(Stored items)
(* Let $m=2$ and suppose $n>2k+2$ where $0\le k\le n-1$. Let $\mathcal{C}$ be the class of all complete acyclic $k$-bounded binary CP-nets over $n$ variables, over $\mathcal{X}_{swap}$. (1) If $|F^1(x)\cap L|\le n-2-2k$ for every $x\in\mathcal{X}_{swap}$, then $\mathcal{C}$ is learnable with membership queries to a limited oracle. (2) If $|F^1(x)\cap L|\le\lfloor\frac{n-1}{2}\rfloor-k-1$ for every $x\in\mathcal{X}_{swap}$, then $\mathcal{C}$ is learnable with membership queries to a malicious oracle. In either case the worst-case number of queries is in $O(n^2\mathcal{U}_k+e_{N^*}n\log_2(n))$, which is in $O(n^22^k\log_2(n)k^{O(\log_2(k))}+e_{N^*}n\log_2(n))$, where $e_{N^*}$ is the number of edges of the target $N^*$.
   Context: Variables $V=\{v_1,\dots,v_n\}$ with binary domains. An outcome assigns a value to every variable. A complete CP-net gives each $v_i$ a parent set $Pa(v_i)\subseteq V\setminus\{v_i\}$ and, for each assignment $\gamma$ to $Pa(v_i)$, a strict order on $D_{v_i}$; parents are non-dummy. Acyclic: the parent graph (edges $(v_j,v_i)$, $v_j\in Pa(v_i)$) is acyclic; $k$-bounded: all $|Pa(v_i)|\le k$. Improving flip: changing only $v_i$ to the value preferred under the order for context $o[Pa(v_i)]$; $o'\succ o$ iff a nonempty sequence of improving flips leads from $o$ to $o'$. A swap is an ordered pair $x=(x.1,x.2)$ of outcomes differing in exactly one variable $V(x)$; $\mathcal{X}_{swap}$ contains exactly one ordering of each such pair (fixed arbitrarily); the target concept is $c^*(x)=1$ iff $x.1\succ x.2$ under the target $N^*$. For $x\in\mathcal{X}_{swap}$, $F^1(x)$ is the set of swaps $x'\in\mathcal{X}_{swap}$ with $V(x')=V(x)$ whose outcomes differ from those of $x$ in exactly one variable other than $V(x)$. A set $L\subseteq\mathcal{X}_{swap}$ is fixed in advance by an adversary, and is unknown to the learner. A limited oracle answers a membership query for $x\notin L$ with $c^*(x)$ and for $x\in L$ with "I don't know"; a malicious oracle answers $c^*(x)$ for $x\notin L$ and $1-c^*(x)$ for $x\in L$; both are persistent (same answer on repeated queries). A class is learnable with membership queries to a limited (malicious) oracle if some algorithm exactly identifies every target in the class using a number of queries polynomial in $n$, the size of the target (its total number of CPT statements), and $|L|$. $\mathcal{U}_k$ is the smallest size of a set $S\subseteq\{0,1\}^{n-1}$ whose projection onto every set of $k$ coordinates contains all $2^k$ vectors. *)

theory Defs
  imports Complex_Main
begin

text \<open>Variables are v_0,...,v_(n-1) (indices 0..<n); binary domains are bool.
  An outcome over n variables is a bool list of length n.\<close>

definition outcome :: "nat \<Rightarrow> bool list \<Rightarrow> bool" where
  "outcome n o1 \<longleftrightarrow> length o1 = n"

definition is_swap :: "nat \<Rightarrow> bool list \<times> bool list \<Rightarrow> bool" where
  "is_swap n x \<longleftrightarrow> outcome n (fst x) \<and> outcome n (snd x) \<and>
     card {i. i < n \<and> fst x ! i \<noteq> snd x ! i} = 1"

definition swapvar :: "bool list \<times> bool list \<Rightarrow> nat" where
  "swapvar x = (THE i. i < length (fst x) \<and> fst x ! i \<noteq> snd x ! i)"

definition is_Xswap :: "nat \<Rightarrow> (bool list \<times> bool list) set \<Rightarrow> bool" where
  "is_Xswap n X \<longleftrightarrow> X \<subseteq> {x. is_swap n x} \<and>
     (\<forall>a b. is_swap n (a, b) \<longrightarrow> ((a, b) \<in> X \<longleftrightarrow> (b, a) \<notin> X))"

definition F1 :: "nat \<Rightarrow> (bool list \<times> bool list) set \<Rightarrow> bool list \<times> bool list
                   \<Rightarrow> (bool list \<times> bool list) set" where
  "F1 n X x = {x' \<in> X. swapvar x' = swapvar x \<and>
      card {j. j < n \<and> j \<noteq> swapvar x \<and> fst x' ! j \<noteq> fst x ! j} = 1}"

text \<open>A binary CP-net: parent sets Pa i, and for each variable i the preferred value
  pref i o of v_i in the context given by outcome o (the strict order on the binary
  domain {True,False} is determined by its top element).\<close>
record cpnet =
  Pa :: "nat \<Rightarrow> nat set"
  pref :: "nat \<Rightarrow> bool list \<Rightarrow> bool"

definition parent_graph :: "nat \<Rightarrow> cpnet \<Rightarrow> (nat \<times> nat) set" where
  "parent_graph n N = {(j, i). i < n \<and> j \<in> Pa N i}"

definition is_cpnet :: "nat \<Rightarrow> nat \<Rightarrow> cpnet \<Rightarrow> bool" where
  "is_cpnet n k N \<longleftrightarrow>
     (\<forall>i<n. Pa N i \<subseteq> {0..<n} - {i} \<and> card (Pa N i) \<le> k) \<and>
     (\<forall>i<n. \<forall>o1 o2. outcome n o1 \<and> outcome n o2 \<and> (\<forall>j\<in>Pa N i. o1 ! j = o2 ! j)
              \<longrightarrow> pref N i o1 = pref N i o2) \<and>
     (\<forall>i<n. \<forall>j\<in>Pa N i. \<exists>o1. outcome n o1 \<and>
              pref N i o1 \<noteq> pref N i (o1[j := \<not> o1 ! j])) \<and>
     acyclic (parent_graph n N)"

definition flips :: "nat \<Rightarrow> cpnet \<Rightarrow> (bool list \<times> bool list) set" where
  "flips n N = {(o1, o1[i := pref N i o1]) | o1 i. outcome n o1 \<and> i < n \<and> o1 ! i \<noteq> pref N i o1}"

definition better :: "nat \<Rightarrow> cpnet \<Rightarrow> bool list \<Rightarrow> bool list \<Rightarrow> bool" where
  "better n N o' o1 \<longleftrightarrow> (o1, o') \<in> (flips n N)\<^sup>+"

definition concept :: "nat \<Rightarrow> cpnet \<Rightarrow> bool list \<times> bool list \<Rightarrow> bool" where
  "concept n N x \<longleftrightarrow> better n N (fst x) (snd x)"
lemma res_integral_SRPT_B_crude:
  assumes s: "0 < s" and z: "0 < z"
  shows "res_integral rank_SRPT_B R s z \<le> ennreal (s / z * remaining_integral R z + s * (R z - 1))"
proof -
  have "res_integral rank_SRPT_B R s z \<le> ennreal (\<integral>a. indicator {0..<s} a * R z \<partial>lborel)"
  proof (rule res_integral_le_integral)
    fix a assume "0 \<le> a" "a < s"
    moreover from this have "worst_rank rank_SRPT_B s z a \<le> z"
      by (intro worst_rank_SRPT_B_le) auto
    ultimately show "R (worst_rank rank_SRPT_B s z a) \<le> indicator {0..<s} a * R z"
      by (simp add: R_le)
  qed (use s in \<open>simp_all add: R_nonneg\<close>)
  also have "(\<integral>a. indicator {0..<s} a * R z \<partial>lborel) \<le> s / z * remaining_integral R z + s * (R z - 1)"
  proof -
    have "s \<le> s / z * remaining_integral R z"
      using remaining_integral_ge[of z z] s z by (simp add: field_simps)
    then show ?thesis using s by (simp add: algebra_simps)
  qed
  finally show ?thesis by (simp add: ennreal_leI)
qed

lemma remaining_integral_ge_partial:
  assumes "0 \<le> s" "s \<le> z"
  shows "(\<integral>a. indicator {0..<s} a * R (z - a) \<partial>lborel) + (z - s) \<le> remaining_integral R z"
proof -
  have int: "integrable lborel (\<lambda>a. indicator {0..<s} a * R (z - a))"
    by (rule integrable_indicator_times_mono[where c = z]) (use assms in auto)
  have "(\<integral>a. indicator {0..<s} a * R (z - a) \<partial>lborel) + (z - s)
      = (\<integral>a. indicator {0..<s} a * R (z - a) + indicator {s..<z} a \<partial>lborel)"
    using assms by (subst Bochner_Integration.integral_add) (auto simp: integrable_indicator_iff int)
  also have "\<dots> \<le> remaining_integral R z"
    unfolding remaining_integral_def
  proof (rule Bochner_Integration.integral_mono)
    show "integrable lborel (\<lambda>a. indicator {0..<s} a * R (z - a) + indicator {s..<z} a)"
      using assms by (intro Bochner_Integration.integrable_add int) (auto simp: integrable_indicator_iff)
  qed (use integrable_remaining assms R_ge_1 R_nonneg in \<open>auto simp: indicator_def\<close>)
  finally show ?thesis .
qed

lemma res_integral_SRPT_B_overestimated:
  assumes s: "0 < s" "s \<le> z"
  shows "res_integral rank_SRPT_B R s z
    \<le> ennreal (s / z * remaining_integral R z + (1 - s / z) * (s * (R z - 1)))"
proof -
  define J where "J = (\<integral>a. indicator {0..<s} a * R (z - a) \<partial>lborel)"
  have J_int: "integrable lborel (\<lambda>a. indicator {0..<s} a * R (z - a))"
    by (rule integrable_indicator_times_mono[where c = z]) (use s in auto)
  have "res_integral rank_SRPT_B R s z \<le> ennreal J"
    unfolding J_def
  proof (rule res_integral_le_integral[OF J_int])
    fix a assume a: "0 \<le> a" "a < s"
    have "worst_rank rank_SRPT_B s z a \<le> z - a"
      by (rule worst_rank_SRPT_B_le) (use a s in auto)
    then show "R (worst_rank rank_SRPT_B s z a) \<le> indicator {0..<s} a * R (z - a)"
      using a by (simp add: R_le)
  qed (simp add: R_nonneg)
  moreover have "J \<le> s / z * remaining_integral R z + (1 - s / z) * (s * (R z - 1))"
  proof -
    have "J \<le> (\<integral>a. indicator {0..<s} a * R z \<partial>lborel)"
      unfolding J_def
    proof (rule Bochner_Integration.integral_mono)
      show "integrable lborel (\<lambda>a. indicator {0..<s} a * R z)"
        using s by (simp add: integrable_indicator_iff)
    qed (use J_int s in \<open>auto simp: indicator_def R_le\<close>)
    then have J_le: "J \<le> s * R z" using s by simp
    have q: "0 \<le> s / z" "0 \<le> 1 - s / z" using s by (auto simp: field_simps)
    have "s / z * (J + (z - s)) \<le> s / z * remaining_integral R z"
      using remaining_integral_ge_partial[of s z] s q unfolding J_def by (intro mult_left_mono) auto
    moreover have "(1 - s / z) * J \<le> (1 - s / z) * (s * R z)"
      using J_le q by (intro mult_left_mono) auto
    moreover have "s / z * (J + (z - s)) + (1 - s / z) * (s * (R z - 1))
        = J - (1 - s / z) * J + (1 - s / z) * (s * R z)"
      using s by (simp add: field_simps)
    ultimately show ?thesis by linarith
  qed
  ultimately show ?thesis by (simp add: ennreal_leI order_trans)
qed

lemma res_integral_SRPT_B_underestimated:
  assumes z: "0 < z" and s: "z < s" "s \<le> 2 * z"
  shows "res_integral rank_SRPT_B R s z
    \<le> ennreal (s / z * remaining_integral R z + (s - z) / z * (s * (R z - 1)))"
proof -
  define d where "d = s - z"
  have d: "0 < d" "d \<le> z" "s = z + d" using s by (auto simp: d_def)
  define G where "G a = indicator {0..<z} a * R (z - a) + indicator {z..<s} a
      + indicator {z-d<..<s} a * (R d - 1)" for a
  have G_int: "integrable lborel G" unfolding G_def using d
    by (intro Bochner_Integration.integrable_add integrable_remaining)
       (auto simp: integrable_indicator_iff)
  have "res_integral rank_SRPT_B R s z \<le> ennreal (\<integral>a. G a \<partial>lborel)"
  proof (rule res_integral_le_integral[OF G_int])
    fix a assume a: "0 \<le> a" "a < s"
    have "worst_rank rank_SRPT_B s z a \<le> max (z - a) d"
      by (rule worst_rank_SRPT_B_le) (use a d in auto)
    then have "R (worst_rank rank_SRPT_B s z a) \<le> R (max (z - a) d)" by (rule R_le)
    also have "\<dots> \<le> G a"
      using a d R_ge_1[of d] R_ge_1[of "z - a"] R_le[of d "z - a"] by (auto simp: G_def indicator_def max_def)
    finally show "R (worst_rank rank_SRPT_B s z a) \<le> G a" .
  qed (use R_nonneg R_ge_1 in \<open>auto simp: G_def indicator_def\<close>)
  moreover have "(\<integral>a. G a \<partial>lborel) \<le> s / z * remaining_integral R z + (s - z) / z * (s * (R z - 1))"
  proof -
    have G_val: "(\<integral>a. G a \<partial>lborel) = remaining_integral R z + d + (R d - 1) * (2 * d)"
      unfolding G_def remaining_integral_def using d
      by (simp add: Bochner_Integration.integral_add integrable_remaining integrable_indicator_iff
          Bochner_Integration.integrable_add)
    have dz: "0 \<le> d / z" using d z by simp
    have "d / z * (z + (z - d) * (R d - 1)) \<le> d / z * remaining_integral R z"
      using remaining_integral_ge[of d z] d dz by (intro mult_left_mono) auto
    moreover have "d / z * (s * (R d - 1)) \<le> d / z * (s * (R z - 1))"
      using R_le[of d z] d dz by (intro mult_left_mono) auto
    moreover have "s / z * remaining_integral R z = remaining_integral R z + d / z * remaining_integral R z"
      using d z by (simp add: field_simps)
    moreover have "d / z * (z + (z - d) * (R d - 1)) + d / z * (s * (R d - 1)) = d + (R d - 1) * (2 * d)"
      using d z by (simp add: field_simps)
    ultimately show ?thesis using G_val by (simp add: d_def)
  qed
  ultimately show ?thesis by (simp add: ennreal_leI order_trans)
qed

• Exercise goal: Above are the entries. Copy exactly the part that opens with the line containing "An outcome over" and closes with the line containing "pref N i o1 \<noteq>", and no more.

• Answer for this exercise:
  An outcome over n variables is a bool list of length n.\<close>

definition outcome :: "nat \<Rightarrow> bool list \<Rightarrow> bool" where
  "outcome n o1 \<longleftrightarrow> length o1 = n"

definition is_swap :: "nat \<Rightarrow> bool list \<times> bool list \<Rightarrow> bool" where
  "is_swap n x \<longleftrightarrow> outcome n (fst x) \<and> outcome n (snd x) \<and>
     card {i. i < n \<and> fst x ! i \<noteq> snd x ! i} = 1"

definition swapvar :: "bool list \<times> bool list \<Rightarrow> nat" where
  "swapvar x = (THE i. i < length (fst x) \<and> fst x ! i \<noteq> snd x ! i)"

definition is_Xswap :: "nat \<Rightarrow> (bool list \<times> bool list) set \<Rightarrow> bool" where
  "is_Xswap n X \<longleftrightarrow> X \<subseteq> {x. is_swap n x} \<and>
     (\<forall>a b. is_swap n (a, b) \<longrightarrow> ((a, b) \<in> X \<longleftrightarrow> (b, a) \<notin> X))"

definition F1 :: "nat \<Rightarrow> (bool list \<times> bool list) set \<Rightarrow> bool list \<times> bool list
                   \<Rightarrow> (bool list \<times> bool list) set" where
  "F1 n X x = {x' \<in> X. swapvar x' = swapvar x \<and>
      card {j. j < n \<and> j \<noteq> swapvar x \<and> fst x' ! j \<noteq> fst x ! j} = 1}"

text \<open>A binary CP-net: parent sets Pa i, and for each variable i the preferred value
  pref i o of v_i in the context given by outcome o (the strict order on the binary
  domain {True,False} is determined by its top element).\<close>
record cpnet =
  Pa :: "nat \<Rightarrow> nat set"
  pref :: "nat \<Rightarrow> bool list \<Rightarrow> bool"

definition parent_graph :: "nat \<Rightarrow> cpnet \<Rightarrow> (nat \<times> nat) set" where
  "parent_graph n N = {(j, i). i < n \<and> j \<in> Pa N i}"

definition is_cpnet :: "nat \<Rightarrow> nat \<Rightarrow> cpnet \<Rightarrow> bool" where
  "is_cpnet n k N \<longleftrightarrow>
     (\<forall>i<n. Pa N i \<subseteq> {0..<n} - {i} \<and> card (Pa N i) \<le> k) \<and>
     (\<forall>i<n. \<forall>o1 o2. outcome n o1 \<and> outcome n o2 \<and> (\<forall>j\<in>Pa N i. o1 ! j = o2 ! j)
              \<longrightarrow> pref N i o1 = pref N i o2) \<and>
     (\<forall>i<n. \<forall>j\<in>Pa N i. \<exists>o1. outcome n o1 \<and>
              pref N i o1 \<noteq> pref N i (o1[j := \<not> o1 ! j])) \<and>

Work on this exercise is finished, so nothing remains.